Required action: Each record in the material below must be written out again exactly.

Supplied records:
lemma tree_join_Int_tree_meet: "tree_join t1 t2 \<inter> tree_meet t1 t2 = t1 \<inter> t2"
proof -
  have "w \<in> t1 \<inter> t2" if J: "w \<in> tree_join t1 t2" and M: "w \<in> tree_meet t1 t2" for w
  proof (cases "w \<in> t1")
    case True
    show ?thesis
    proof (rule ccontr)
      assume "w \<notin> t1 \<inter> t2"
      then obtain v v' where "v \<in> t2" "suffix v w" "v' \<in> t2" "suffix w v'"
        using J M True unfolding tree_join_def tree_meet_def by blast
      then have "v = v'" using suffix_freeD[OF suffix_free2] suffix_order.trans by blast
      then show False
        using \<open>suffix v w\<close> \<open>suffix w v'\<close> \<open>v' \<in> t2\<close> \<open>w \<notin> t1 \<inter> t2\<close> True
          suffix_order.antisym by blast
    qed
  next
    case False
    then obtain v u where "v \<in> t1" "strict_suffix v w" "u \<in> t1" "strict_suffix w u"
      using J M unfolding tree_join_def tree_meet_def by blast
    then show ?thesis using no_strict_suffix1 suffix_order.less_trans by blast
  qed
  then show ?thesis unfolding tree_join_def tree_meet_def by auto
qed

lemma tree_join_subset: "tree_join t1 t2 \<subseteq> t1 \<union> t2"
  unfolding tree_join_def by blast

lemma tree_meet_subset: "tree_meet t1 t2 \<subseteq> t1 \<union> t2"
  unfolding tree_meet_def by blast

lemma suffix_free_tree_join: "suffix_free (tree_join t1 t2)"
  unfolding suffix_free_def
proof (intro ballI notI, elim bexE)
  fix a b assume a: "a \<in> tree_join t1 t2" and b: "b \<in> tree_join t1 t2" and ba: "strict_suffix b a"
  consider "a \<in> t1" "b \<in> t1" | "a \<in> t2" "b \<in> t2" | "a \<in> t1" "a \<notin> t2" "b \<in> t2" "b \<notin> t1"
    | "a \<in> t2" "a \<notin> t1" "b \<in> t1" "b \<notin> t2"
    using a b tree_join_subset by blast
  then show False
  proof cases
    case 3
    obtain u where u: "u \<in> t2" "suffix u a" using a 3 unfolding tree_join_def by blast
    obtain v where v: "v \<in> t1" "strict_suffix v b" using b 3 unfolding tree_join_def by blast
    have "suffix u b \<or> suffix b u"
      using u(2) ba suffix_same_cases unfolding strict_suffix_def by blast
    then have "u = b" using suffix_freeD[OF suffix_free2] u(1) 3(3) by metis
    then have "strict_suffix v a" using u v suffix_order.less_le_trans by blast
    then show False using no_strict_suffix1 v(1) 3(1) by blast
  next
    case 4
    obtain u where "u \<in> t2" "suffix u b" using b 4 unfolding tree_join_def by blast
    then show False using no_strict_suffix2 4(1) ba suffix_order.le_less_trans by blast
  qed (use ba no_strict_suffix1 no_strict_suffix2 in blast)+
qed

lemma suffix_free_tree_meet: "suffix_free (tree_meet t1 t2)"
  unfolding suffix_free_def
proof (intro ballI notI, elim bexE)
  fix a b assume a: "a \<in> tree_meet t1 t2" and b: "b \<in> tree_meet t1 t2" and ba: "strict_suffix b a"
  consider "a \<in> t1" "b \<in> t1" | "a \<in> t2" "b \<in> t2" | "a \<in> t1" "a \<notin> t2" "b \<in> t2"
    | "a \<in> t2" "a \<notin> t1" "b \<in> t1"
    using a b tree_meet_subset by blast
  then show False
  proof cases
    case 3
    obtain v where "v \<in> t2" "suffix a v" using a 3 unfolding tree_meet_def by blast
    then show False using no_strict_suffix2 3(3) ba suffix_order.less_le_trans by blast
  next
    case 4
    obtain u where "u \<in> t1" "strict_suffix a u" using a 4 unfolding tree_meet_def by blast
    then show False using no_strict_suffix1 4(3) ba suffix_order.less_trans by blast
  qed (use ba no_strict_suffix1 no_strict_suffix2 in blast)+
qed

Written solution:
lemma tree_join_Int_tree_meet: "tree_join t1 t2 \<inter> tree_meet t1 t2 = t1 \<inter> t2"
proof -
  have "w \<in> t1 \<inter> t2" if J: "w \<in> tree_join t1 t2" and M: "w \<in> tree_meet t1 t2" for w
  proof (cases "w \<in> t1")
    case True
    show ?thesis
    proof (rule ccontr)
      assume "w \<notin> t1 \<inter> t2"
      then obtain v v' where "v \<in> t2" "suffix v w" "v' \<in> t2" "suffix w v'"
        using J M True unfolding tree_join_def tree_meet_def by blast
      then have "v = v'" using suffix_freeD[OF suffix_free2] suffix_order.trans by blast
      then show False
        using \<open>suffix v w\<close> \<open>suffix w v'\<close> \<open>v' \<in> t2\<close> \<open>w \<notin> t1 \<inter> t2\<close> True
          suffix_order.antisym by blast
    qed
  next
    case False
    then obtain v u where "v \<in> t1" "strict_suffix v w" "u \<in> t1" "strict_suffix w u"
      using J M unfolding tree_join_def tree_meet_def by blast
    then show ?thesis using no_strict_suffix1 suffix_order.less_trans by blast
  qed
  then show ?thesis unfolding tree_join_def tree_meet_def by auto
qed

lemma tree_join_subset: "tree_join t1 t2 \<subseteq> t1 \<union> t2"
  unfolding tree_join_def by blast

lemma tree_meet_subset: "tree_meet t1 t2 \<subseteq> t1 \<union> t2"
  unfolding tree_meet_def by blast

lemma suffix_free_tree_join: "suffix_free (tree_join t1 t2)"
  unfolding suffix_free_def
proof (intro ballI notI, elim bexE)
  fix a b assume a: "a \<in> tree_join t1 t2" and b: "b \<in> tree_join t1 t2" and ba: "strict_suffix b a"
  consider "a \<in> t1" "b \<in> t1" | "a \<in> t2" "b \<in> t2" | "a \<in> t1" "a \<notin> t2" "b \<in> t2" "b \<notin> t1"
    | "a \<in> t2" "a \<notin> t1" "b \<in> t1" "b \<notin> t2"
    using a b tree_join_subset by blast
  then show False
  proof cases
    case 3
    obtain u where u: "u \<in> t2" "suffix u a" using a 3 unfolding tree_join_def by blast
    obtain v where v: "v \<in> t1" "strict_suffix v b" using b 3 unfolding tree_join_def by blast
    have "suffix u b \<or> suffix b u"
      using u(2) ba suffix_same_cases unfolding strict_suffix_def by blast
    then have "u = b" using suffix_freeD[OF suffix_free2] u(1) 3(3) by metis
    then have "strict_suffix v a" using u v suffix_order.less_le_trans by blast
    then show False using no_strict_suffix1 v(1) 3(1) by blast
  next
    case 4
    obtain u where "u \<in> t2" "suffix u b" using b 4 unfolding tree_join_def by blast
    then show False using no_strict_suffix2 4(1) ba suffix_order.le_less_trans by blast
  qed (use ba no_strict_suffix1 no_strict_suffix2 in blast)+
qed

lemma suffix_free_tree_meet: "suffix_free (tree_meet t1 t2)"
  unfolding suffix_free_def
proof (intro ballI notI, elim bexE)
  fix a b assume a: "a \<in> tree_meet t1 t2" and b: "b \<in> tree_meet t1 t2" and ba: "strict_suffix b a"
  consider "a \<in> t1" "b \<in> t1" | "a \<in> t2" "b \<in> t2" | "a \<in> t1" "a \<notin> t2" "b \<in> t2"
    | "a \<in> t2" "a \<notin> t1" "b \<in> t1"
    using a b tree_meet_subset by blast
  then show False
  proof cases
    case 3
    obtain v where "v \<in> t2" "suffix a v" using a 3 unfolding tree_meet_def by blast
    then show False using no_strict_suffix2 3(3) ba suffix_order.less_le_trans by blast
  next
    case 4
    obtain u where "u \<in> t1" "strict_suffix a u" using a 4 unfolding tree_meet_def by blast
    then show False using no_strict_suffix1 4(3) ba suffix_order.less_trans by blast
  qed (use ba no_strict_suffix1 no_strict_suffix2 in blast)+
qed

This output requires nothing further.